**Task directions**
Copy each line of the entries below that contains the string "vertex".

**Given data**
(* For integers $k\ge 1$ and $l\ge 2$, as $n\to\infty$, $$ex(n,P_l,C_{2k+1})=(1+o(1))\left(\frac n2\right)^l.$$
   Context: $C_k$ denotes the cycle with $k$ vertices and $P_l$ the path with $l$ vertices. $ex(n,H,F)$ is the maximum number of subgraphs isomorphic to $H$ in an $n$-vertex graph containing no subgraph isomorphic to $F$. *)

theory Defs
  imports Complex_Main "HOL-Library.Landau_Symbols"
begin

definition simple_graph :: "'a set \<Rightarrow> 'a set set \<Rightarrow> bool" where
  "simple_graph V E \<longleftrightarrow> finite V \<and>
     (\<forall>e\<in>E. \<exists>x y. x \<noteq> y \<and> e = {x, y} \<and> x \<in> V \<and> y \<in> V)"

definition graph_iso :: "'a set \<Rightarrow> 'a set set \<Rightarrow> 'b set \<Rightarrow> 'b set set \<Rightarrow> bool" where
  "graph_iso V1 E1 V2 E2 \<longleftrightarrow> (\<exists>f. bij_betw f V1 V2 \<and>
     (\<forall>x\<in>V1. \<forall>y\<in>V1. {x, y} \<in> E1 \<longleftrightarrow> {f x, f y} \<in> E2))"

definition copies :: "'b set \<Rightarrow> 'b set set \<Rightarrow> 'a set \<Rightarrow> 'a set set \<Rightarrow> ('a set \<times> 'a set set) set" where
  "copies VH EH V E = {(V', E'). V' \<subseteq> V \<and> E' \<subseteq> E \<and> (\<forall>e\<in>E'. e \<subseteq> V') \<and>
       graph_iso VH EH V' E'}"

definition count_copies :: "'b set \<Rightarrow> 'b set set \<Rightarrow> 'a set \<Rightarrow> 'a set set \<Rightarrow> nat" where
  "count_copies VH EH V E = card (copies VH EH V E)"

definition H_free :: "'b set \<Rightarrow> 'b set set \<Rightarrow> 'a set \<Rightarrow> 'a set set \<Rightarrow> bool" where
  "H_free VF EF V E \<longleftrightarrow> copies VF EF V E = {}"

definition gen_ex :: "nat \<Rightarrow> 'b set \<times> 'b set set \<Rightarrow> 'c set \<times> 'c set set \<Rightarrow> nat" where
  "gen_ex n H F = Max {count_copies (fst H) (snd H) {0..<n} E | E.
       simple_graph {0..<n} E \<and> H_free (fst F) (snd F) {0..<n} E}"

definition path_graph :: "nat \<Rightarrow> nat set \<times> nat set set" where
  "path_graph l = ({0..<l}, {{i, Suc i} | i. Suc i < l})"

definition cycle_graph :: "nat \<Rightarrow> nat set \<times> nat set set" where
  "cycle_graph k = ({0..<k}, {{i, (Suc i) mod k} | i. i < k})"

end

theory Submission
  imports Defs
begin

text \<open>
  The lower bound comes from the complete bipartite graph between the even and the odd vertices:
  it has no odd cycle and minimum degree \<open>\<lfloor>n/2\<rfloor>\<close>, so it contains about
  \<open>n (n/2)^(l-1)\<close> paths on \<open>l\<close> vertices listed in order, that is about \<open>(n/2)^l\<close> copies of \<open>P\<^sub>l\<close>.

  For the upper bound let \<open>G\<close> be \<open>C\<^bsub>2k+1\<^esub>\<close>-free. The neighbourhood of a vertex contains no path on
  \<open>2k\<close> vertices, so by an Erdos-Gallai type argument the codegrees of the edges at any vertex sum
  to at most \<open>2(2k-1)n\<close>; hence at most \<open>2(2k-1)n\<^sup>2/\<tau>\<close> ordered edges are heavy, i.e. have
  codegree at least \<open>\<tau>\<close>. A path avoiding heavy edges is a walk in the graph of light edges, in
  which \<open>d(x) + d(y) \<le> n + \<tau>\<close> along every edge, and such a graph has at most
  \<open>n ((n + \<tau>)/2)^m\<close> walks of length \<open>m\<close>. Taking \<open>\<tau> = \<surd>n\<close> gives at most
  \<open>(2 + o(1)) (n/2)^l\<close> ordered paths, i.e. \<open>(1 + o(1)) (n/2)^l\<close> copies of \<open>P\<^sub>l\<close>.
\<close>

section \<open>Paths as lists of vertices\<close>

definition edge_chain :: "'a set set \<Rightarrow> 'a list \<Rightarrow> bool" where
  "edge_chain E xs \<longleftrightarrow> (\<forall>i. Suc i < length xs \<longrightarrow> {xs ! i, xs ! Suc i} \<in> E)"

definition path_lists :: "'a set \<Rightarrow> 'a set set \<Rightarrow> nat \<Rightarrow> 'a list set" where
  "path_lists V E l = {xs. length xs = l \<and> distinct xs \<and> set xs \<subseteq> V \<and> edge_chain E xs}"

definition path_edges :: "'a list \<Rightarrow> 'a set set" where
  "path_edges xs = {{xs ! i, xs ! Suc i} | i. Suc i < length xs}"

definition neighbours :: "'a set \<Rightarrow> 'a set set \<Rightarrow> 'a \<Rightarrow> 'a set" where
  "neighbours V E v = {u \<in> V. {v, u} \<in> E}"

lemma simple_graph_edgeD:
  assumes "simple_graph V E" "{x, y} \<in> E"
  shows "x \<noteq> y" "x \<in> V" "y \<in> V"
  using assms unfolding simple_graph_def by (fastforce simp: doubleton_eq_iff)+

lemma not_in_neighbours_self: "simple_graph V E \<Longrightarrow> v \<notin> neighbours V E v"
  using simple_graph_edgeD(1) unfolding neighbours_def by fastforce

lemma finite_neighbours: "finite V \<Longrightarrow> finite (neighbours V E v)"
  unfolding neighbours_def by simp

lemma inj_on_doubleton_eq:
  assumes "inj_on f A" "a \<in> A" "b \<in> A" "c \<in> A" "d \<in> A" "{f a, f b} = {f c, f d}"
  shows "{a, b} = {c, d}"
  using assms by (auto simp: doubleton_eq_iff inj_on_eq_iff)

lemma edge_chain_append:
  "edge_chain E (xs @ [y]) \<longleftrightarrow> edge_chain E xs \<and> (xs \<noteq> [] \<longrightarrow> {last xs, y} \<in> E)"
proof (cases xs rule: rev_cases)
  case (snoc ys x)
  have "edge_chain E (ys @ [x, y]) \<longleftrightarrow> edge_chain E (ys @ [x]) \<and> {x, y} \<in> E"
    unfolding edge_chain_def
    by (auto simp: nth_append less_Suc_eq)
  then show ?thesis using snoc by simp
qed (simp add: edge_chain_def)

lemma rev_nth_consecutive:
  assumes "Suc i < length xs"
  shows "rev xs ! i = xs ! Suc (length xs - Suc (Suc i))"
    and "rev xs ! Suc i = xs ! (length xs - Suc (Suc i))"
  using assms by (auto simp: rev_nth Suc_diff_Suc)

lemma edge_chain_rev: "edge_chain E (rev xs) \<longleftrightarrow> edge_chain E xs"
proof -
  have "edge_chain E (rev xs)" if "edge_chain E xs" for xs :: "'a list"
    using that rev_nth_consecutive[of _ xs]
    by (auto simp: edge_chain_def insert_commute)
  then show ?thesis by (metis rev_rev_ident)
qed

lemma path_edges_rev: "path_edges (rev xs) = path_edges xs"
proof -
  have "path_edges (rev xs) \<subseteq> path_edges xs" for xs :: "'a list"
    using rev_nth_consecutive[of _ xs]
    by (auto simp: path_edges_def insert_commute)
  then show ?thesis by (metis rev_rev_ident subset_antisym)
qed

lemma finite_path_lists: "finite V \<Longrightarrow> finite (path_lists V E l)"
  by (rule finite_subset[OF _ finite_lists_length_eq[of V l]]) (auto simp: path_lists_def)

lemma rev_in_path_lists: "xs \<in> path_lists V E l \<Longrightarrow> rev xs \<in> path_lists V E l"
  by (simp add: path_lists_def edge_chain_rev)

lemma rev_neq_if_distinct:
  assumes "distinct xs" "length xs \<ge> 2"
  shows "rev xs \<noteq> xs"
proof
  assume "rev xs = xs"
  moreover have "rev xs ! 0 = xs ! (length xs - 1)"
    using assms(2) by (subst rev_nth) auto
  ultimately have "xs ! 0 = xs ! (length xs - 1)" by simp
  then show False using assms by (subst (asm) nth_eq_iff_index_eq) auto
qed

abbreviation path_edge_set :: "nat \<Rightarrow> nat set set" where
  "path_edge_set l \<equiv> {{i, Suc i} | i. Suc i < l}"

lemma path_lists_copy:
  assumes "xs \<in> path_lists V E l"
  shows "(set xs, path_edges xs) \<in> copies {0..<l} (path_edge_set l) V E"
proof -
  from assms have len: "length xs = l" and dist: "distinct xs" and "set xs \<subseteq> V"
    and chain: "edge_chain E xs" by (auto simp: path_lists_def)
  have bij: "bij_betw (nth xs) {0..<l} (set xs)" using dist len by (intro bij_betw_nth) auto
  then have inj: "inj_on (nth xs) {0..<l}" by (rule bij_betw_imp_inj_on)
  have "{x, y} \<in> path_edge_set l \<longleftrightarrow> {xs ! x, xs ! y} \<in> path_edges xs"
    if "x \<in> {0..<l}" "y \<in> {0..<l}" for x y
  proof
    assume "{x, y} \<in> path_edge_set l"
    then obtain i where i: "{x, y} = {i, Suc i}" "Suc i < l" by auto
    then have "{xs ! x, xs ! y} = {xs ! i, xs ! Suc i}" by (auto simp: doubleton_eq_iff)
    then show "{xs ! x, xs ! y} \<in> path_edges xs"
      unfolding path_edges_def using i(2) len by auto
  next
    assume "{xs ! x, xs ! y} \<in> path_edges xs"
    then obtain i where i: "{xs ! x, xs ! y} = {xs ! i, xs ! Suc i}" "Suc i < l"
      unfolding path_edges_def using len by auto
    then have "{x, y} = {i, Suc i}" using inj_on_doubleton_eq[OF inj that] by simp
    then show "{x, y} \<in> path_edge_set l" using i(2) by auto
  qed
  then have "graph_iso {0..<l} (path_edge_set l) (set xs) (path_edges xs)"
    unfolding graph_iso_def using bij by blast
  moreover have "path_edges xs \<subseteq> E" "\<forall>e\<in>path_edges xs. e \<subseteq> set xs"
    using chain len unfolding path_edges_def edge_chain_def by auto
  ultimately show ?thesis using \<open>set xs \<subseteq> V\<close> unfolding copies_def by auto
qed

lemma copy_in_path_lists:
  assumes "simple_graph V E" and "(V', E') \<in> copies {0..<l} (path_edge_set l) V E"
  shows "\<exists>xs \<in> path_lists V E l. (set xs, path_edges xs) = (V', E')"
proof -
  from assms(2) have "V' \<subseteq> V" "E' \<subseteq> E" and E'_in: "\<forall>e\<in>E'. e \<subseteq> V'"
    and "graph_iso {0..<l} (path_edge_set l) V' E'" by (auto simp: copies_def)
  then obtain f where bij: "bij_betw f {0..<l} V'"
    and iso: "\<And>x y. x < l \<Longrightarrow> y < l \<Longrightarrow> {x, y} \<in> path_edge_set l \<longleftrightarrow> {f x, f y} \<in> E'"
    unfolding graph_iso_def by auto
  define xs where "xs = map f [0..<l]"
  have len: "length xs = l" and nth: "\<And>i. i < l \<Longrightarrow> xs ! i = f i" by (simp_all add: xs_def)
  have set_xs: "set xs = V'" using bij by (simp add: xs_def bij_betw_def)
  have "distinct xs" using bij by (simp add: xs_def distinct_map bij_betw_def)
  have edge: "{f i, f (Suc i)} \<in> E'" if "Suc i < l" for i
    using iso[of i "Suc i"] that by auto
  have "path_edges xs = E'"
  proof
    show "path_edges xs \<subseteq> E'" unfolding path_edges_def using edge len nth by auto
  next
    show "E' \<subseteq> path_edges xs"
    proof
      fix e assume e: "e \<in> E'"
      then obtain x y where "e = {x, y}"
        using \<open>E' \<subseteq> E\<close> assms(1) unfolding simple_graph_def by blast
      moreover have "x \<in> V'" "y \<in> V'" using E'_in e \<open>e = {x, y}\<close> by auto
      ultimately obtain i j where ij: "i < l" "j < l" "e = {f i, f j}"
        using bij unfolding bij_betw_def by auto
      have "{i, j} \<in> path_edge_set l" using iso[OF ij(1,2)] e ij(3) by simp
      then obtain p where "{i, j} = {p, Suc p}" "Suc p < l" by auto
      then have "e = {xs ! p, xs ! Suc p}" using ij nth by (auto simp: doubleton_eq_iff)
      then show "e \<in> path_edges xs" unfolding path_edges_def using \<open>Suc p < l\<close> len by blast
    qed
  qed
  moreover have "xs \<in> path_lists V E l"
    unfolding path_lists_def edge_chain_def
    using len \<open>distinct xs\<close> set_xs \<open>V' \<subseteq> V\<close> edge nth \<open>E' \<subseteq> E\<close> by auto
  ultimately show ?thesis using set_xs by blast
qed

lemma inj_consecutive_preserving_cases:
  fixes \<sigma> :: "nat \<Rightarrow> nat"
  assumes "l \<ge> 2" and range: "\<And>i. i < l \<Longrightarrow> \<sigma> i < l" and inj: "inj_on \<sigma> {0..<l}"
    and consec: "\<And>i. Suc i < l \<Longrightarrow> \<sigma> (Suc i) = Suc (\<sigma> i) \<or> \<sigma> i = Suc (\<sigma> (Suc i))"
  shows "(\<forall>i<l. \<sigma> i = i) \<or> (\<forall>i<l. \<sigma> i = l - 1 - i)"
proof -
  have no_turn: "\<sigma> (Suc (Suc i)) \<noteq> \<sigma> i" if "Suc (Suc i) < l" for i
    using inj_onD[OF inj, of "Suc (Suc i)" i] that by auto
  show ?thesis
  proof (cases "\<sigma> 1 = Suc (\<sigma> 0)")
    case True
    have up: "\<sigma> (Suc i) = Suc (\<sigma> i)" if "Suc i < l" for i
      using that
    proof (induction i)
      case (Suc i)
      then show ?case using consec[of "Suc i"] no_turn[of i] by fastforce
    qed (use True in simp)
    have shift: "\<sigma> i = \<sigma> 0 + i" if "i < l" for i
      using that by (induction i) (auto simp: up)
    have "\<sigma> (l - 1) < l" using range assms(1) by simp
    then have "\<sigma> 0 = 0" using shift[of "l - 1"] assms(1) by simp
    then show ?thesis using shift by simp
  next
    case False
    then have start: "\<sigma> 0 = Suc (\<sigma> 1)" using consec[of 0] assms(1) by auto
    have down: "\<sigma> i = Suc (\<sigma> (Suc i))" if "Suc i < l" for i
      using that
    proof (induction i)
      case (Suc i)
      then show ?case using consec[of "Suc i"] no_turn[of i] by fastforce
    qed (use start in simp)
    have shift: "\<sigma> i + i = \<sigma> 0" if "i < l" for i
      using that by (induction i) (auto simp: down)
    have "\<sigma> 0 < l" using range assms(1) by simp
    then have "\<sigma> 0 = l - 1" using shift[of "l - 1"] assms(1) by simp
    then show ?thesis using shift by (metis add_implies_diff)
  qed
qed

**Response**
   Context: $C_k$ denotes the cycle with $k$ vertices and $P_l$ the path with $l$ vertices. $ex(n,H,F)$ is the maximum number of subgraphs isomorphic to $H$ in an $n$-vertex graph containing no subgraph isomorphic to $F$. *)
  For the upper bound let \<open>G\<close> be \<open>C\<^bsub>2k+1\<^esub>\<close>-free. The neighbourhood of a vertex contains no path on
  \<open>2k\<close> vertices, so by an Erdos-Gallai type argument the codegrees of the edges at any vertex sum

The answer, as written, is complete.